---- PROVIDED RECORDS
lemma Bset_quadratic_form_single_block_diff:
  "(single_block i a - single_block j b) \<bullet> (M *v (single_block i a - single_block j b))
     = a \<bullet> a + b \<bullet> b - 2 * (a \<bullet> (blk M i j *v b))"
proof -
  let ?qf = "\<lambda>x y. x \<bullet> (M *v y)"
  have "?qf (single_block i a - single_block j b) (single_block i a - single_block j b)
      = ?qf (single_block i a) (single_block i a) - ?qf (single_block i a) (single_block j b)
        - ?qf (single_block j b) (single_block i a) + ?qf (single_block j b) (single_block j b)"
    by (simp add: matrix_vector_mult_diff_distrib inner_diff_left inner_diff_right)
  also have "\<dots> = a \<bullet> a - a \<bullet> (blk M i j *v b) - b \<bullet> (blk M j i *v a) + b \<bullet> b"
    by (simp only: inner_single_block_mult Bset_blk_diag matrix_vector_mul_lid)
  finally show ?thesis
    by (simp add: Bset_blk_commute[of i j] Bset_inner_blk_commute[of b])
qed

lemma Bset_inner_blk_le: "2 * (a \<bullet> (blk M i j *v b)) \<le> a \<bullet> a + b \<bullet> b"
proof -
  have "0 \<le> (single_block i a - single_block j b) \<bullet> (M *v (single_block i a - single_block j b))"
    using Bset_psd unfolding psd_def by blast
  then show ?thesis
    by (simp add: Bset_quadratic_form_single_block_diff)
qed

lemma Bset_blk_mult_eq_if_inner_blk_eq:
  assumes "2 * (a \<bullet> (blk M i j *v b)) = a \<bullet> a + b \<bullet> b"
  shows "blk M k i *v a = blk M k j *v b"
proof -
  have "M *v (single_block i a - single_block j b) = 0"
    using assms Bset_quadratic_form_single_block_diff[of i a j b]
    by (intro psd_quadratic_form_eq_0_imp Bset_symmetric Bset_psd) simp
  then have "blockvec (\<lambda>k. blk M k i *v a - blk M k j *v b) = blockvec (\<lambda>k. 0)"
    by (simp add: matrix_vector_mult_diff_distrib matrix_vector_mult_single_block blockvec_diff)
      (simp add: blockvec_def vec_eq_iff)
  then show ?thesis
    by (simp add: blockvec_eq_iff fun_eq_iff)
qed

end

context
  fixes V :: "real^'n::finite^'r::finite" and M :: "real^('n \<times> 'r)^('n \<times> 'r)"
  assumes M_in_Bset: "M \<in> Bset"
    and unit_columns: "\<And>i. column i V \<bullet> column i V = 1"
    and extremal: "vecm V \<bullet> (M *v vecm V) = (real CARD('n))\<^sup>2"
begin

lemma extremal_inner_blk_columns: "column i V \<bullet> (blk M i j *v column j V) = 1"
proof -
  define q where "q p = column (fst p) V \<bullet> (blk M (fst p) (snd p) *v column (snd p) V)" for p
  have q_le: "q p \<le> 1" for p
    using Bset_inner_blk_le[OF M_in_Bset, of "column (fst p) V" "fst p" "snd p" "column (snd p) V"]
    by (simp add: q_def unit_columns)
  have "(\<Sum>p\<in>UNIV. q p) = (real CARD('n))\<^sup>2"
    using extremal by (simp add: q_def sum_UNIV_prod vecm_eq_blockvec inner_blockvec_mult_blockvec)
  then have "(\<Sum>p\<in>UNIV. 1 - q p) = 0"
    by (simp add: sum_subtractf power2_eq_square)
  then have "1 - q (i, j) = 0"
    using q_le by (subst (asm) sum_nonneg_eq_0_iff) auto
  then show ?thesis
    by (simp add: q_def)
qed

lemma extremal_blk_mult_column: "blk M k i *v column i V = column k V"
  using Bset_blk_mult_eq_if_inner_blk_eq[OF M_in_Bset, of "column i V" i k "column k V" k]
  by (simp add: extremal_inner_blk_columns unit_columns Bset_blk_diag[OF M_in_Bset])

lemma extremal_blk_mult_column_swap: "blk M k i *v column j V = blk M k j *v column i V"
  using Bset_blk_mult_eq_if_inner_blk_eq[OF M_in_Bset, of "column j V" i j "column i V" k]
  by (simp add: extremal_inner_blk_columns unit_columns Bset_blk_commute[OF M_in_Bset, of i j])

lemma extremal_mult_vecm: "M *v vecm V = real CARD('n) *\<^sub>R vecm V"
  by (simp add: vecm_eq_blockvec matrix_vector_mult_blockvec extremal_blk_mult_column
      sum_constant_scaleR del: sum_constant)
    (simp add: blockvec_def vec_eq_iff)

lemma extremal_mult_eq_vecm_symmetric:
  assumes span: "span (columns V) = UNIV"
  shows "\<exists>S. transpose S = S \<and> M *v w = vecm (S ** V)
           \<and> (\<forall>i. column i V \<bullet> (S *v column i V) = vecm V \<bullet> w)"
proof -
  define X where "X = block (M *v w)"
  have "M *v w = blockvec (\<lambda>i. \<Sum>l\<in>UNIV. blk M i l *v block w l)"
    using matrix_vector_mult_blockvec[of M "block w"] by simp
  then have X: "X i = (\<Sum>l\<in>UNIV. blk M i l *v block w l)" for i
    by (simp add: X_def)
  have inner_X: "column j V \<bullet> X i = (\<Sum>l\<in>UNIV. (blk M l i *v column j V) \<bullet> block w l)" for i j
    using Bset_inner_blk_commute[OF M_in_Bset] Bset_blk_commute[OF M_in_Bset]
    by (simp add: X inner_sum_right inner_commute)
  have X_sym: "column j V \<bullet> X i = column i V \<bullet> X j" for i j
    by (simp add: inner_X extremal_blk_mult_column_swap)
  have X_diag: "column i V \<bullet> X i = vecm V \<bullet> w" for i
  proof -
    have "vecm V \<bullet> w = (\<Sum>l\<in>UNIV. column l V \<bullet> block w l)"
      using inner_blockvec[of "\<lambda>l. column l V" "block w"] by (simp add: vecm_eq_blockvec)
    then show ?thesis
      by (simp add: inner_X extremal_blk_mult_column)
  qed
  define Xm :: "real^'n^'r" where "Xm = (\<chi> a i. X i $ a)"
  have column_Xm: "column i Xm = X i" for i
    by (simp add: Xm_def column_def vec_eq_iff)
  have "transpose V ** Xm = transpose Xm ** V"
    by (simp add: vec_eq_iff transpose_matrix_mult_nth column_Xm) (metis X_sym inner_commute)
  then obtain S where S_sym: "transpose S = S" and SV: "S ** V = Xm"
    using ex_symmetric_matrix_mult_eq[OF span] by blast
  have "vecm (S ** V) = M *v w"
    by (simp add: SV vecm_def Xm_def X_def block_def vec_eq_iff)
  moreover have "S *v column i V = X i" for i
    by (metis SV column_Xm column_matrix_mult)
  ultimately show ?thesis
    using S_sym X_diag by metis
qed

end

theorem lemma2:
  fixes V :: "real^'n^'r" and Mstar :: "real^('n \<times> 'r)^('n \<times> 'r)"
  assumes unit: "\<forall>i. norm (column i V) = 1"
    and spans: "span (columns V) = UNIV"
    and MB: "Mstar \<in> Bset"
    and val: "vecm V \<bullet> (Mstar *v vecm V) = (real CARD('n))^2"
  shows "(\<forall>x lam. is_eigvec Mstar x lam \<and> lam \<noteq> 0 \<longrightarrow> x \<in> Vsym V)
       \<and> is_eigvec Mstar (vecm V) (real CARD('n))
       \<and> (\<forall>x lam. is_eigvec Mstar x lam \<and> lam \<noteq> 0 \<and> x \<bullet> vecm V = 0 \<longrightarrow> x \<in> Vsym' V)"
proof -
  have unit_columns: "column i V \<bullet> column i V = 1" for i
    using unit by (simp add: norm_eq_1)
  have "vecm V \<bullet> vecm V = real CARD('n)"
    by (simp add: vecm_eq_blockvec inner_blockvec unit_columns)
  then have "is_eigvec Mstar (vecm V) (real CARD('n))"
    using extremal_mult_vecm[OF MB unit_columns val] by (auto simp: is_eigvec_def)
  moreover have eigvec_symmetric:
    "\<exists>S. transpose S = S \<and> x = vecm (S ** V)
       \<and> (\<forall>i. column i V \<bullet> (S *v column i V) = (vecm V \<bullet> x) / lam)"
    if "is_eigvec Mstar x lam" and "lam \<noteq> 0" for x lam
  proof -
    have "x = Mstar *v ((1 / lam) *\<^sub>R x)"
      using that by (simp add: is_eigvec_def matrix_vector_mult_scaleR)
    then show ?thesis
      using extremal_mult_eq_vecm_symmetric[OF MB unit_columns val spans, of "(1 / lam) *\<^sub>R x"]
      by simp
  qed
  moreover have "x \<in> Vsym' V" if "is_eigvec Mstar x lam" "lam \<noteq> 0" "x \<bullet> vecm V = 0" for x lam
    using eigvec_symmetric[OF that(1,2)] that(3) unfolding Vsym'_def by (auto simp: inner_commute)
  ultimately show ?thesis
    unfolding Vsym_def by blast
qed

end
--------
WORK TO COMPLETE – Your answer should be a single number: the count of lines in the listing that hold the word "define".

RESPONSE AREA – 3